## Try it
This task calls for copying every line of the records that includes the word "then".

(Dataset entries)

== Segment start ==

lemma Qexp_non_adjacent: "u \<noteq> v \<Longrightarrow> snd (sorted_pair u v) \<noteq> fst (sorted_pair u v) + 1 \<Longrightarrow> Qexp u v r = One"
  by (auto simp: Qexp_def sorted_pair_def min_def max_def split: if_splits)

lemma Qexp_adjacent: "snd (sorted_pair u v) = fst (sorted_pair u v) + 1 \<Longrightarrow> Qexp u v r = scaled_diff r (r + 1) (of_int (v - u))"
  by (auto simp: Qexp_def sorted_pair_def min_def max_def scaled_diff_def split: if_splits)

lemma psis_rev_psis_no_adjacent: assumes "valid_swaps (size \<theta>) z" "j \<in> words \<theta>" "\<forall>p \<in> set (swap_pairs z j). snd p \<noteq> fst p + 1"
  shows "Times (psis (rev z)) (Times (psis z) (E j)) \<approx> (E j :: 'k::comm_ring_1 kexp)"
  using assms(1,3)
proof (induction z)
  case Nil
  have "Times (psis (rev [])) (Times (psis []) (E j)) \<approx> (Times One (E j) :: 'k kexp)"
    by (simp add: psis_Nil, rule keq.times_one_l)
  also have "\<dots> \<approx> E j" by (rule keq.times_one_l)
  finally show ?case .
next
  case (Cons r z)
  have ok: "1 \<le> r" "r < size \<theta>" "valid_swaps (size \<theta>) z" using Cons.prems by auto
  note L = swaps_letters[OF ok(3) assms(2) ok(1,2)]
  have h: "snd (sorted_pair (swaps z j ! (r - 1)) (swaps z j ! r)) \<noteq> fst (sorted_pair (swaps z j ! (r - 1)) (swaps z j ! r)) + 1"
    using Cons.prems(2) by (simp add: swap_pairs_Cons)
  have q: "Qexp (swaps z j ! (r - 1)) (swaps z j ! r) r = (One :: 'k kexp)" by (rule Qexp_non_adjacent[OF L(1) h])
  have "Times (psis (rev (r # z))) (Times (psis (r # z)) (E j)) \<approx>
      (Times (psis (rev z)) (Times One (Times (psis z) (E j))) :: 'k kexp)"
    using psis_rev_Cons_psis[where 'k='k, OF Cons.prems(1) assms(2)] by (simp only: q)
  also have "\<dots> \<approx> Times (psis (rev z)) (Times (psis z) (E j))" by (rule keq_times_right, rule keq.times_one_l)
  also have "\<dots> \<approx> E j" using Cons.IH[OF ok(3)] Cons.prems(2) by (simp add: swap_pairs_Cons)
  finally show ?case .
qed

lemma scaled_diff_adjacent: assumes "snd (sorted_pair u v) = fst (sorted_pair u v) + 1" "sorted_pair u v = (x0, x0 + 1)"
  shows "scaled_diff (pos j u) (pos j v) (of_int (v - u)) \<approx> (Minus (Y (pos j x0)) (Y (pos j (x0 + 1))) :: 'k::comm_ring_1 kexp)"
proof -
  have "(u = x0 \<and> v = x0 + 1) \<or> (u = x0 + 1 \<and> v = x0)" using assms(2) by (auto simp: sorted_pair_def min_def max_def split: if_splits)
  then show ?thesis
  proof
    assume h: "u = x0 \<and> v = x0 + 1"
    have "scaled_diff (pos j u) (pos j v) (of_int (v - u)) = (Times (Sc 1) (Minus (Y (pos j x0)) (Y (pos j (x0 + 1)))) :: 'k kexp)"
      using h by (simp add: scaled_diff_def)
    also have "\<dots> \<approx> Times One (Minus (Y (pos j x0)) (Y (pos j (x0 + 1))))" by (rule keq_times_left, rule keq.sc_one)
    also have "\<dots> \<approx> Minus (Y (pos j x0)) (Y (pos j (x0 + 1)))" by (rule keq.times_one_l)
    finally show ?thesis .
  next
    assume h: "u = x0 + 1 \<and> v = x0"
    have "scaled_diff (pos j u) (pos j v) (of_int (v - u)) = (Times (Sc (-1)) (Minus (Y (pos j (x0 + 1))) (Y (pos j x0))) :: 'k kexp)"
      using h by (simp add: scaled_diff_def)
    also have "\<dots> \<approx> Minus (Y (pos j x0)) (Y (pos j (x0 + 1)))" by (rule keq_Sc_minus_one_diff)
    finally show ?thesis .
  qed
qed

lemma psis_rev_psis_one_adjacent: assumes "valid_swaps (size \<theta>) z" "j \<in> words \<theta>" "filter (\<lambda>p. snd p = fst p + 1) (swap_pairs z j) = [(x0, x0 + 1)]"
  shows "Times (psis (rev z)) (Times (psis z) (E j)) \<approx>
    (Times (Minus (Y (pos j x0)) (Y (pos j (x0 + 1)))) (E j) :: 'k::comm_ring_1 kexp)"
  using assms(1,3)
proof (induction z)
  case Nil
  then show ?case by simp
next
  case (Cons r z)
  have ok: "1 \<le> r" "r < size \<theta>" "valid_swaps (size \<theta>) z" using Cons.prems by auto
  note L = swaps_letters[OF ok(3) assms(2) ok(1,2)]
  let ?u = "swaps z j ! (r - 1)" and ?v = "swaps z j ! r"
  let ?R = "psis (rev z) :: 'k kexp" and ?P = "psis z :: 'k kexp" and ?E = "E j :: 'k kexp"
  let ?M = "Minus (Y (pos j x0)) (Y (pos j (x0 + 1))) :: 'k kexp"
  show ?case
  proof (cases "snd (sorted_pair ?u ?v) = fst (sorted_pair ?u ?v) + 1")
    case True
    have f: "filter (\<lambda>p. snd p = fst p + 1) (swap_pairs z j) = []" and op: "sorted_pair ?u ?v = (x0, x0 + 1)"
      using Cons.prems(2) True by (simp_all add: swap_pairs_Cons)
    have nadj: "\<forall>p \<in> set (swap_pairs z j). snd p \<noteq> fst p + 1" using f by (simp add: filter_empty_conv)
    let ?F = "scaled_diff (pos j ?u) (pos j ?v) (of_int (?v - ?u)) :: 'k kexp"
    have fr: "fold stp z r = pos j ?u" "fold stp z (r + 1) = pos j ?v"
      using pos_swaps[OF ok(3) assms(2) L(2)] pos_swaps[OF ok(3) assms(2) L(3)] L(4,5) by auto
    have "Times (psis (rev (r # z))) (Times (psis (r # z)) ?E) \<approx>
      Times ?R (Times (scaled_diff r (r + 1) (of_int (?v - ?u))) (Times ?P ?E))"
      using psis_rev_Cons_psis[where 'k='k, OF Cons.prems(1) assms(2)] by (simp only: Qexp_adjacent[OF True])
    also have "\<dots> \<approx> Times ?R (Times ?P (Times ?F ?E))"
      by (rule keq_times_right, subst fr(1)[symmetric], subst fr(2)[symmetric], rule scaled_diff_psis[OF ok(3) assms(2)])
    also have "\<dots> \<approx> Times ?R (Times ?P (Times ?E ?F))" by (rule keq_times_right, rule keq_times_right, rule commutes_E_scaled_diff[OF assms(2), unfolded commutes_E_def])
    also have "\<dots> \<approx> Times ?R (Times (Times ?P ?E) ?F)" by (rule keq_times_right, rule keq_times_assoc')
    also have "\<dots> \<approx> Times (Times ?R (Times ?P ?E)) ?F" by (rule keq_times_assoc')
    also have "\<dots> \<approx> Times ?E ?F" by (rule keq_times_left, rule psis_rev_psis_no_adjacent[OF ok(3) assms(2) nadj])
    also have "\<dots> \<approx> Times ?F ?E" by (rule keq.sym, rule commutes_E_scaled_diff[OF assms(2), unfolded commutes_E_def])
    also have "\<dots> \<approx> Times ?M ?E" by (rule keq_times_left, rule scaled_diff_adjacent[OF True op])
    finally show ?thesis .
  next
    case False
    have q: "Qexp ?u ?v r = (One :: 'k kexp)" by (rule Qexp_non_adjacent[OF L(1) False])
    have f: "filter (\<lambda>p. snd p = fst p + 1) (swap_pairs z j) = [(x0, x0 + 1)]"
      using Cons.prems(2) False by (simp add: swap_pairs_Cons)
    have "Times (psis (rev (r # z))) (Times (psis (r # z)) ?E) \<approx> Times ?R (Times One (Times ?P ?E))"
      using psis_rev_Cons_psis[where 'k='k, OF Cons.prems(1) assms(2)] by (simp only: q)
    also have "\<dots> \<approx> Times ?R (Times ?P ?E)" by (rule keq_times_right, rule keq.times_one_l)
    also have "\<dots> \<approx> Times ?M ?E" by (rule Cons.IH[OF ok(3) f])
    finally show ?thesis .
  qed
qed

lemma psis_Cons_Cons_E: "Times (psis (a # b # z)) X \<approx> Times (Psi a) (Times (Psi b) (Times (psis z) X))"
proof -
  have "Times (psis (a # b # z)) X \<approx> Times (Psi a) (Times (psis (b # z)) X)" unfolding psis_Cons by (rule keq.times_assoc)
  also have "\<dots> \<approx> Times (Psi a) (Times (Psi b) (Times (psis z) X))" unfolding psis_Cons by (rule keq_times_right, rule keq.times_assoc)
  finally show ?thesis .
qed

lemma psis_Cons_E: "Times (psis (a # z)) X \<approx> Times (Psi a) (Times (psis z) X)"
  unfolding psis_Cons by (rule keq.times_assoc)

subsection \<open>Matsumoto's theorem\<close>

lemma matsumoto_commute_step:
  assumes A: "A \<in> words \<theta>" and u: "reduced_on (size \<theta>) A (r # x)" and v: "reduced_on (size \<theta>) A (t # y)"
    and e: "swaps (r # x) A = swaps (t # y) A" and rt: "r + 2 \<le> t \<or> t + 2 \<le> r"
    and IH: "\<And>u v. reduced_on (size \<theta>) A u \<Longrightarrow> reduced_on (size \<theta>) A v \<Longrightarrow> swaps u A = swaps v A \<Longrightarrow> length u = length x \<Longrightarrow>
        Times (psis u) (E A) \<approx> (Times (psis v) (E A) :: 'k::comm_ring_1 kexp)"
  shows "Times (psis (r # x)) (E A) \<approx> (Times (psis (t # y)) (E A) :: 'k kexp)"
proof -
  note W = words_distinct[OF A] words_length[OF A]
  obtain z where z: "reduced_on (size \<theta>) A (t # z)" "reduced_on (size \<theta>) A (r # z)"
    "swaps (t # z) A = swaps x A" "swaps (r # z) A = swaps y A"
    using reduced_on_exchange_commute[OF W u v e rt] by blast
  have x: "reduced_on (size \<theta>) A x" by (rule reduced_on_Cons(1)[OF W u])
  have lz: "length (r # z) = length x" "length (t # z) = length x"
    using z(1,2,3) x by (auto simp: reduced_on_def)
  let ?P = "psis z :: 'k kexp" and ?E = "E A :: 'k kexp"
  have "Times (psis (r # x)) ?E \<approx> Times (Psi r) (Times (psis x) ?E)" by (rule psis_Cons_E)
  also have "\<dots> \<approx> Times (Psi r) (Times (psis (t # z)) ?E)"
    by (rule keq_times_right, rule IH[OF x z(1) z(3)[symmetric] HOL.refl])
  also have "\<dots> \<approx> Times (Psi r) (Times (Psi t) (Times ?P ?E))" by (rule keq_times_right, rule psis_Cons_E)
  also have "\<dots> \<approx> Times (Times (Psi r) (Psi t)) (Times ?P ?E)" by (rule keq_times_assoc')
  also have "\<dots> \<approx> Times (Times (Psi t) (Psi r)) (Times ?P ?E)" by (rule keq_times_left, rule keq.psi_psi) (use rt in auto)
  also have "\<dots> \<approx> Times (Psi t) (Times (Psi r) (Times ?P ?E))" by (rule keq.times_assoc)
  also have "\<dots> \<approx> Times (Psi t) (Times (psis (r # z)) ?E)" by (rule keq_times_right, rule keq.sym, rule psis_Cons_E)
  also have "\<dots> \<approx> Times (Psi t) (Times (psis y) ?E)"
    by (rule keq_times_right, rule IH[OF z(2) reduced_on_Cons(1)[OF W v] z(4) lz(1)])
  also have "\<dots> \<approx> Times (psis (t # y)) ?E" by (rule keq.sym, rule psis_Cons_E)
  finally show ?thesis .
qed

lemma braid_psis: assumes "valid_swaps (size \<theta>) z" "A \<in> words \<theta>" "1 \<le> r" "r + 2 \<le> size \<theta>"
  shows "Times (Psi (r + 1)) (Times (Psi r) (Times (Psi (r + 1)) (Times (psis z) (E A)))) \<approx>
     (Times (Psi r) (Times (Psi (r + 1)) (Times (Psi r) (Times (psis z) (E A)))) :: 'k::comm_ring_1 kexp)"
proof -
  define C where "C = swaps z A"
  have wC: "C \<in> words \<theta>" unfolding C_def by (rule swaps_words[OF assms(1,2)])
  have ne: "C ! (r - 1) \<noteq> C ! (r + 1)" using words_distinct[OF wC] words_length[OF wC] assms(3,4)
      nth_eq_iff_index_eq[of C "r - 1" "r + 1"] by auto
  have bz: "braidcorr (lt C r) (lt C (r + 1)) (lt C (r + 2)) = (Zero :: 'k kexp)"
    unfolding braidcorr_def using ne by simp
  let ?P = "psis z :: 'k kexp" and ?E = "E A :: 'k kexp" and ?EC = "E C :: 'k kexp"
  let ?a = "Psi (r + 1) :: 'k kexp" and ?b = "Psi r :: 'k kexp"
  have pe: "Times ?P ?E \<approx> Times ?EC ?P" unfolding C_def by (rule psis_E[OF assms(1,2)])
  have "Times ?a (Times ?b (Times ?a (Times ?P ?E))) \<approx> Times ?a (Times ?b (Times ?a (Times ?EC ?P)))"
    by (rule keq_times_right, rule keq_times_right, rule keq_times_right, rule pe)
  also have "\<dots> \<approx> Times (Times (Times (Times ?a ?b) ?a) ?EC) ?P" by (rule keq_times_assoc4)
  also have "\<dots> \<approx> Times (Times (Plus (Times (Times ?b ?a) ?b) (braidcorr (lt C r) (lt C (r + 1)) (lt C (r + 2)))) ?EC) ?P"
    by (rule keq_times_left, rule keq.braid) (use wC assms in auto)
  also have "\<dots> = Times (Times (Plus (Times (Times ?b ?a) ?b) Zero) ?EC) ?P" by (simp only: bz)
  also have "\<dots> \<approx> Times (Times (Times (Times ?b ?a) ?b) ?EC) ?P" by (rule keq_times_left, rule keq_times_left, rule keq.plus_zero)
  also have "\<dots> \<approx> Times ?b (Times ?a (Times ?b (Times ?EC ?P)))" by (rule keq.sym, rule keq_times_assoc4)
  also have "\<dots> \<approx> Times ?b (Times ?a (Times ?b (Times ?P ?E)))" by (rule keq_times_right, rule keq_times_right, rule keq_times_right, rule keq.sym, rule pe)
  finally show ?thesis .
qed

== Segment end ==

## Expected output
  then show ?thesis
  then show ?case by simp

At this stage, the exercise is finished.